# Natural Language Understanding

Starts with some more useful regex patterns:

`r"\bme\b"` will match only the word "me"  
`[A-Z]{1}[a-z]*` will match any title case word.  

If you're going to use a pattern several times, then store it with `re.compile()`.

Use of pipe operators within a pattern to match several, also use of `pattern.findall()` for multiple matches within a sentence.

## Flexibly match intents

In [1]:
import re
import time

In [2]:
intent_dict = {
    'goodbye': ['see ya', 'bye'],
    'greet': [r'\bhi\b', 'hola', 'heya'],
    'thankyou': ['appreciate', 'thank', r'\bta\b']
 }

In [3]:
# compile a dict of regex patterns that can look for any of the above pattern matches
intent_patterns = {}
for key, values in intent_dict.items():
    multi_pat = "|".join(values)
    compiled_pat = re.compile(multi_pat)
    # label this flexible pattern with the intent key it came with
    intent_patterns[key] = compiled_pat
intent_patterns

{'goodbye': re.compile(r'see ya|bye', re.UNICODE),
 'greet': re.compile(r'\bhi\b|hola|heya', re.UNICODE),
 'thankyou': re.compile(r'appreciate|thank|\bta\b', re.UNICODE)}

In [4]:
# Define a function to find the intent of a message
def find_intent(pat_dict, some_input):
    matched = None
    for intent, patterns in pat_dict.items():
        # Check for a pattern match first
        if patterns.search(some_input):
            matched = intent
    return matched

In [5]:
print(find_intent(intent_patterns, "hola! Como estas"))
print(find_intent(intent_patterns, "thankee sai"))
print(find_intent(intent_patterns, "see ya bud!"))

greet
thankyou
goodbye


## Respond to the intent

In [6]:
response_dict = {
    'default': '...',
    'goodbye': 'Have a great day',
    'greet': 'Hi there',
    'thankyou': "no problem, that's my job"
 }

In [7]:
def answer(string_input, pat_dict, resps):
    # get the matched intent
    intent = find_intent(pat_dict, string_input.lower())
    # Use default as the fll back value
    key = "default"
    if intent in resps:
        key = intent
    return resps[key]

In [8]:
answer("See ya", intent_patterns, response_dict)

'Have a great day'

Update the wrapper function from module 1 that uses a nice display template.

In [9]:
# update params to include the lookup dicts as default
def user_speaks(user_input, pat_dict=intent_patterns, resps=response_dict, user_format="USER:", bot_format="BOT:"):
    """Passes the user's input to response handler."""
    time.sleep(0.6)
    print(f"{user_format} {user_input}")
    # update the line below to use the new flexible match functions
    resp = answer(user_input, pat_dict, resps)
    time.sleep(0.6)
    return f"{bot_format} {resp}"

In [10]:
print(user_speaks("Hi hi cherry pie!"))
print(user_speaks("Ta very much my lovely..."))
print(user_speaks("Gotta go.
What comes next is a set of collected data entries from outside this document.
(* Let $\kappa$ be a regular uncountable cardinal and $I$ an ideal on $\kappa$ with $I\subseteq NS_\kappa$, and let $L=\{\lambda+1:\lambda<\kappa\text{ a limit ordinal}\}$. Suppose $L\in P(I)$. Then for every stationary set $Q\subseteq\kappa$ consisting of limit ordinals there is $Y\subseteq L$ with $Y\in I$, $B(Y)\subseteq Q$, and $B(Y)$ stationary, where $B(Y)=\{\lambda:\lambda+1\in Y\}$.
   Context: An ideal on $\kappa$ is a family of subsets of $\kappa$ closed under subsets and finite unions, which is $<\kappa$-complete and contains all singletons. $NS_\kappa$ is the ideal of nonstationary subsets of $\kappa$. For $A\subseteq\kappa$ and $X_\alpha\subseteq\kappa$, $\bigtriangledown_{\alpha\in A}X_\alpha=\{\xi<\kappa:\exists\alpha<\xi\,(\alpha\in A\wedge \xi\in X_\alpha)\}$. An ideal is pleasant if whenever $A$ and all $X_\alpha$ belong to it, so does $\bigtriangledown_{\alpha\in A}X_\alpha$. The pleasant closure $P(I)$ is built in stages: $P_0(I)=I$; $P_{\beta+1}(I)$ is the ideal generated by $P_\beta(I)$ together with all $\bigtriangledown_{\alpha\in T}X_\alpha$ with $T\in I$ and each $X_\alpha\in P_\beta(I)$; unions at limit stages; $P(I)=\bigcup_\beta P_\beta(I)$ (the smallest pleasant ideal containing $I$). *)

theory Defs
  imports Main "HOL-Library.Equipollence" "HOL-Library.Countable_Set"
begin
(* Let $p\in[1,\infty)$. Then for every $f\in\bigcup_{s\in(0,\infty)}{\rm B}^\kappa_{s,p}(\mathbb{R}^n)$, $$\lim_{s\to0^+}s\int_0^1t^{-(1+\frac{ps}{2})}\int_{\mathbb{R}^n}P_t^\kappa(|f-f(x)|^p)(x)\,\mu_\kappa(dx)\,dt=0.$$
   Context: Dunkl setting on $\mathbb{R}^n$: root system $\mathcal{R}$ with reflections $r_\alpha$, positive subsystem $\mathcal{R}_+$, multiplicity $\kappa:\mathcal{R}\to[0,\infty)$ invariant under the reflection group. $\mu_\kappa=w_\kappa dx$ with $w_\kappa(x)=\prod_{\alpha\in\mathcal{R}_+}|\langle\alpha,x\rangle|^{2\kappa(\alpha)}$; $(P_t^\kappa)$ is the Dunkl heat semigroup generated by the Dunkl Laplacian $\Delta_\kappa f=\Delta f+2\sum_{\alpha\in\mathcal{R}_+}\kappa(\alpha)\big(\frac{\langle\alpha,\nabla f(x)\rangle}{\langle\alpha,x\rangle}-\frac{f(x)-f(r_\alpha x)}{\langle\alpha,x\rangle^2}\big)$, with heat kernel $p_t^\kappa$; $P_t^\kappa(|f-f(x)|^p)(x)=\int|f(y)-f(x)|^pp_t^\kappa(x,y)\mu_\kappa(dy)$. For $p\in[1,\infty)$, $s>0$: ${\rm N}^\kappa_{s,p}(f)=\big(\int_0^\infty t^{-(1+\frac{sp}{2})}\int P_t^\kappa(|f-f(x)|^p)(x)\mu_\kappa(dx)dt\big)^{1/p}$ and ${\rm B}^\kappa_{s,p}(\mathbb{R}^n)=\{f\in{\rm L}^p(\mu_\kappa):{\rm N}^\kappa_{s,p}(f)<\infty\}$. *)

theory Defs
  imports "HOL-Analysis.Analysis"
begin

definition refl_vec :: "real^'n \<Rightarrow> real^'n \<Rightarrow> real^'n" where
  "refl_vec \<alpha> x = x - ((2 * (\<alpha> \<bullet> x)) / (\<alpha> \<bullet> \<alpha>)) *\<^sub>R \<alpha>"

text \<open>Root system, normalised so that every root has squared length 2
  (the normalisation implicit in the given formula for the Dunkl Laplacian).\<close>
definition root_system :: "(real^'n) set \<Rightarrow> bool" where
  "root_system R \<longleftrightarrow> finite R \<and> 0 \<notin> R \<and> (\<forall>\<alpha>\<in>R. \<alpha> \<bullet> \<alpha> = 2) \<and>
     (\<forall>\<alpha>\<in>R. \<forall>\<beta>\<in>R. refl_vec \<alpha> \<beta> \<in> R) \<and>
     (\<forall>\<alpha>\<in>R. \<forall>c::real. c *\<^sub>R \<alpha> \<in> R \<longrightarrow> c = 1 \<or> c = -1)"

definition positive_subsystem :: "(real^'n) set \<Rightarrow> (real^'n) set \<Rightarrow> bool" where
  "positive_subsystem R Rp \<longleftrightarrow>
     (\<exists>\<beta>. (\<forall>\<alpha>\<in>R. \<alpha> \<bullet> \<beta> \<noteq> 0) \<and> Rp = {\<alpha>\<in>R. \<alpha> \<bullet> \<beta> > 0})"

text \<open>Multiplicity function: nonnegative on R and invariant under the reflection
  group (equivalently under its generating reflections).\<close>
definition multiplicity :: "(real^'n) set \<Rightarrow> (real^'n \<Rightarrow> real) \<Rightarrow> bool" where
  "multiplicity R \<kappa> \<longleftrightarrow> (\<forall>\<alpha>\<in>R. \<kappa> \<alpha> \<ge> 0 \<and> (\<forall>\<beta>\<in>R. \<kappa> (refl_vec \<beta> \<alpha>) = \<kappa> \<alpha>))"

definition dunkl_weight :: "(real^'n) set \<Rightarrow> (real^'n \<Rightarrow> real) \<Rightarrow> real^'n \<Rightarrow> real" where
  "dunkl_weight Rp \<kappa> x =
     (\<Prod>\<alpha>\<in>Rp. if \<kappa> \<alpha> = 0 then 1 else \<bar>\<alpha> \<bullet> x\<bar> powr (2 * \<kappa> \<alpha>))"

definition dunkl_measure :: "(real^'n) set \<Rightarrow> (real^'n \<Rightarrow> real) \<Rightarrow> (real^'n) measure" where
  "dunkl_measure Rp \<kappa> = density lborel (\<lambda>x. ennreal (dunkl_weight Rp \<kappa> x))"

text \<open>Real analyticity on R^n: local convergence of the Taylor series, written
  along lines (uniform radius), for a function all of whose line restrictions
  are C^infinity.\<close>
definition real_analytic_Rn :: "(real^'n \<Rightarrow> real) \<Rightarrow> bool" where
  "real_analytic_Rn f \<longleftrightarrow>
     (\<forall>x0 h m t. ((deriv ^^ m) (\<lambda>t. f (x0 + t *\<^sub>R h))) differentiable (at t)) \<and>
     (\<forall>x0. \<exists>r>0. \<forall>h. norm h < r \<longrightarrow>
        (\<lambda>m. (deriv ^^ m) (\<lambda>t. f (x0 + t *\<^sub>R h)) 0 / fact m) sums f (x0 + h))"

text \<open>f is a joint eigenfunction of the Dunkl operators
  T_xi f(x) = d_xi f(x) + sum_{alpha in R+} kappa(alpha) <alpha,xi> (f(x) - f(r_alpha x)) / <alpha,x>
  with eigenvalues <xi,y>, normalised by f(0) = 1 (equation imposed off the
  reflecting hyperplanes, where the formula is literally defined).\<close>
definition dunkl_eigenfunction ::
  "(real^'n) set \<Rightarrow> (real^'n \<Rightarrow> real) \<Rightarrow> real^'n \<Rightarrow> (real^'n \<Rightarrow> real) \<Rightarrow> bool" where
  "dunkl_eigenfunction Rp \<kappa> y f \<longleftrightarrow>
     real_analytic_Rn f \<and> f 0 = 1 \<and>
     (\<forall>x. (\<forall>\<alpha>\<in>Rp. \<alpha> \<bullet> x \<noteq> 0) \<longrightarrow>
        (\<exists>D. (f has_derivative D) (at x) \<and>
          (\<forall>\<xi>. D \<xi> + (\<Sum>\<alpha>\<in>Rp. \<kappa> \<alpha> * (\<alpha> \<bullet> \<xi>) * (f x - f (refl_vec \<alpha> x)) / (\<alpha> \<bullet> x))
                 = (\<xi> \<bullet> y) * f x)))"

text \<open>The Dunkl kernel E_kappa(x,y) (restricted to real arguments).\<close>
definition dunkl_kernel :: "(real^'n) set \<Rightarrow> (real^'n \<Rightarrow> real) \<Rightarrow> real^'n \<Rightarrow> real^'n \<Rightarrow> real" where
  "dunkl_kernel Rp \<kappa> = (THE E. \<forall>y. dunkl_eigenfunction Rp \<kappa> y (\<lambda>x. E x y))"

definition dunkl_gamma :: "(real^'n) set \<Rightarrow> (real^'n \<Rightarrow> real) \<Rightarrow> real" where
  "dunkl_gamma Rp \<kappa> = (\<Sum>\<alpha>\<in>Rp. \<kappa> \<alpha>)"

definition dunkl_const :: "(real^'n) set \<Rightarrow> (real^'n \<Rightarrow> real) \<Rightarrow> real" where
  "dunkl_const Rp \<kappa> = (LINT x|lborel. exp (- (norm x)\<^sup>2 / 2) * dunkl_weight Rp \<kappa> x)"

text \<open>Dunkl heat kernel (Roesler): p_t(x,y) = M t^{-(gamma+n/2)} e^{-(|x|^2+|y|^2)/4t}
  E(x/sqrt(2t), y/sqrt(2t)), M = (2^{gamma+n/2} c_kappa)^{-1}.\<close>
definition dunkl_heat_kernel ::
  "(real^'n) set \<Rightarrow> (real^'n \<Rightarrow> real) \<Rightarrow> real \<Rightarrow> real^'n \<Rightarrow> real^'n \<Rightarrow> real" where
  "dunkl_heat_kernel Rp \<kappa> t x y =
     (let g = dunkl_gamma Rp \<kappa> + real CARD('n) / 2 in
      1 / (2 powr g * dunkl_const Rp \<kappa>) * t powr (- g)
      * exp (- ((norm x)\<^sup>2 + (norm y)\<^sup>2) / (4 * t))
      * dunkl_kernel Rp \<kappa> ((1 / sqrt (2 * t)) *\<^sub>R x) ((1 / sqrt (2 * t)) *\<^sub>R y))"

definition dunkl_energy ::
  "(real^'n) set \<Rightarrow> (real^'n \<Rightarrow> real) \<Rightarrow> real \<Rightarrow> (real^'n \<Rightarrow> real) \<Rightarrow> real \<Rightarrow> ennreal" where
  "dunkl_energy Rp \<kappa> p f t =
     (\<integral>\<^sup>+ x. (\<integral>\<^sup>+ y. ennreal (\<bar>f y - f x\<bar> powr p * dunkl_heat_kernel Rp \<kappa> t x y)
        \<partial>dunkl_measure Rp \<kappa>) \<partial>dunkl_measure Rp \<kappa>)"

definition besov_seminorm_pow ::
  "(real^'n) set \<Rightarrow> (real^'n \<Rightarrow> real) \<Rightarrow> real \<Rightarrow> real \<Rightarrow> (real^'n \<Rightarrow> real) \<Rightarrow> ennreal" where
  "besov_seminorm_pow Rp \<kappa> s p f =
     (\<integral>\<^sup>+ t\<in>{0<..}. ennreal (t powr (- (1 + s * p / 2))) * dunkl_energy Rp \<kappa> p f t \<partial>lborel)"

definition dunkl_Lp :: "(real^'n) set \<Rightarrow> (real^'n \<Rightarrow> real) \<Rightarrow> real \<Rightarrow> (real^'n \<Rightarrow> real) set" where
  "dunkl_Lp Rp \<kappa> p = {f. f \<in> borel_measurable borel \<and>
      (\<integral>\<^sup>+ x. ennreal (\<bar>f x\<bar> powr p) \<partial>dunkl_measure Rp \<kappa>) < \<infinity>}"

text \<open>B^kappa_{s,p}: N_{s,p}(f) < infinity iff N_{s,p}(f)^p < infinity.\<close>
definition dunkl_besov ::
  "(real^'n) set \<Rightarrow> (real^'n \<Rightarrow> real) \<Rightarrow> real \<Rightarrow> real \<Rightarrow> (real^'n \<Rightarrow> real) set" where
  "dunkl_besov Rp \<kappa> s p = {f. f \<in> dunkl_Lp Rp \<kappa> p \<and> besov_seminorm_pow Rp \<kappa> s p f < \<infinity>}"

end

theory Submission
  imports Defs
begin

text \<open>For \<open>0 < t \<le> 1\<close> the weight \<open>t powr -(1 + p s / 2)\<close> increases with \<open>s\<close>. Hence
  if \<open>f \<in> B(s0, p)\<close>, the integral over \<open>(0, 1]\<close> is bounded for all \<open>s \<le> s0\<close> by the
  finite quantity \<open>N(s0, p)(f)^p\<close>, and the factor \<open>s\<close> forces the limit \<open>0\<close>. Neither
  the heat kernel nor the root system hypotheses play any role.\<close>

lemma nn_integral_unit_interval_powr_le:
  fixes g :: "real \<Rightarrow> ennreal"
  assumes "a \<le> b"
  shows "(\<integral>\<^sup>+ t\<in>{0<..1}. ennreal (t powr (- a)) * g t \<partial>lborel)
       \<le> (\<integral>\<^sup>+ t\<in>{0<..}. ennreal (t powr (- b)) * g t \<partial>lborel)"
proof (rule nn_integral_mono)
  fix t :: real
  show "ennreal (t powr (- a)) * g t * indicator {0<..1} t
      \<le> ennreal (t powr (- b)) * g t * indicator {0<..} t"
  proof (cases "t \<in> {0<..1}")
    case True
    then have "t powr (- a) \<le> t powr (- b)"
      using assms by (intro powr_mono') auto
    then show ?thesis
      using True by (auto intro: mult_right_mono ennreal_leI)
  qed simp
qed

lemma tendsto_ennreal_times_bounded_at_right_0:
  fixes F :: "real \<Rightarrow> ennreal"
  assumes bounded: "\<forall>\<^sub>F s in at_right 0. F s \<le> C" and finite: "C < \<infinity>"
  shows "((\<lambda>s. ennreal s * F s) \<longlongrightarrow> 0) (at_right 0)"
proof -
  obtain c where c: "C = ennreal c" "c \<ge> 0"
    using finite by (metis ennreal_cases top.extremum_strict)
  have "((\<lambda>s. ennreal (s * c)) \<longlongrightarrow> ennreal (0 * c)) (at_right 0)"
    by (intro tendsto_ennrealI tendsto_intros)
  then have lim: "((\<lambda>s. ennreal (s * c)) \<longlongrightarrow> 0) (at_right 0)"
    by simp
  have "\<forall>\<^sub>F s in at_right 0. ennreal s * F s \<le> ennreal (s * c)"
    using bounded eventually_at_right_less
  proof eventually_elim
    case (elim s)
    then have "ennreal s * F s \<le> ennreal s * C"
      by (intro mult_left_mono) auto
    also have "\<dots> = ennreal (s * c)"
      using c elim by (simp add: ennreal_mult)
    finally show ?case .
  qed
  then show ?thesis
    by (intro tendsto_sandwich[OF _ _ tendsto_const lim]) simp_all
qed

theorem proposition3p1:
  fixes R Rp :: "(real^'n) set" and \<kappa> :: "real^'n \<Rightarrow> real"
    and p :: real and f :: "real^'n \<Rightarrow> real"
  assumes "root_system R" and "positive_subsystem R Rp" and "multiplicity R \<kappa>"
    and "p \<ge> 1"
    and "f \<in> (\<Union>s\<in>{0<..}. dunkl_besov Rp \<kappa> s p)"
  shows "((\<lambda>s. ennreal s * (\<integral>\<^sup>+ t\<in>{0<..1}. ennreal (t powr (- (1 + p * s / 2)))
             * dunkl_energy Rp \<kappa> p f t \<partial>lborel)) \<longlongrightarrow> 0) (at_right 0)"
proof -
  from assms(5) obtain s\<^sub>0 where "s\<^sub>0 > 0" and "f \<in> dunkl_besov Rp \<kappa> s\<^sub>0 p"
    by auto
  then have finite: "besov_seminorm_pow Rp \<kappa> s\<^sub>0 p f < \<infinity>"
    by (simp add: dunkl_besov_def)
  have "\<forall>\<^sub>F s in at_right 0. s \<in> {0<..<s\<^sub>0}"
    using \<open>s\<^sub>0 > 0\<close> by (rule eventually_at_right_real)
  then have "\<forall>\<^sub>F s in at_right 0. (\<integral>\<^sup>+ t\<in>{0<..1}. ennreal (t powr (- (1 + p * s / 2)))
             * dunkl_energy Rp \<kappa> p f t \<partial>lborel) \<le> besov_seminorm_pow Rp \<kappa> s\<^sub>0 p f"
  proof eventually_elim
    case (elim s)
    then have "1 + p * s / 2 \<le> 1 + s\<^sub>0 * p / 2"
      using \<open>p \<ge> 1\<close> by (simp add: mult.commute mult_left_mono)
    then show ?case
      unfolding besov_seminorm_pow_def by (rule nn_integral_unit_interval_powr_le)
  qed
  then show ?thesis
    using finite by (rule tendsto_ennreal_times_bounded_at_right_0)
qed

end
Bye bye hunny pie."))

USER: Hi hi cherry pie!
BOT: Hi there
USER: Ta very much my lovely...
BOT: no problem, that's my job
USER: Gotta go. Bye bye hunny pie.
BOT: Have a great day


## Basic NER

Named Entity Recognition. 

In [11]:
def get_names(string_input):
    """Searches a string for an indication that a name is being discussed, then search
    for a proper noun and return it if found."""
    # ensure None is returned if no match is found
    entity = None
    name_pat = re.compile("name|call")
    proper_noun_pat = re.compile("[A-Z]{1}[a-z]*")
    # look for a sentence about a named entity:
    if name_pat.search(string_input):
        entity = proper_noun_pat.findall(string_input)
        if len(entity) > 0:
            # several hits means we need to concatenate values
            entity = " ".join(entity)
    return entity

In [12]:
print(get_names("my name is Jimmy."))
print(get_names("My name is Jimmy."))
# you can see how this would be limited and won't work with lowering an input string

Jimmy
My Jimmy


In [13]:
# Define respond()
def answer_name(str_input):
    name = get_names(str_input)
    if name is None:
        return "You're mysterious, tell me your name."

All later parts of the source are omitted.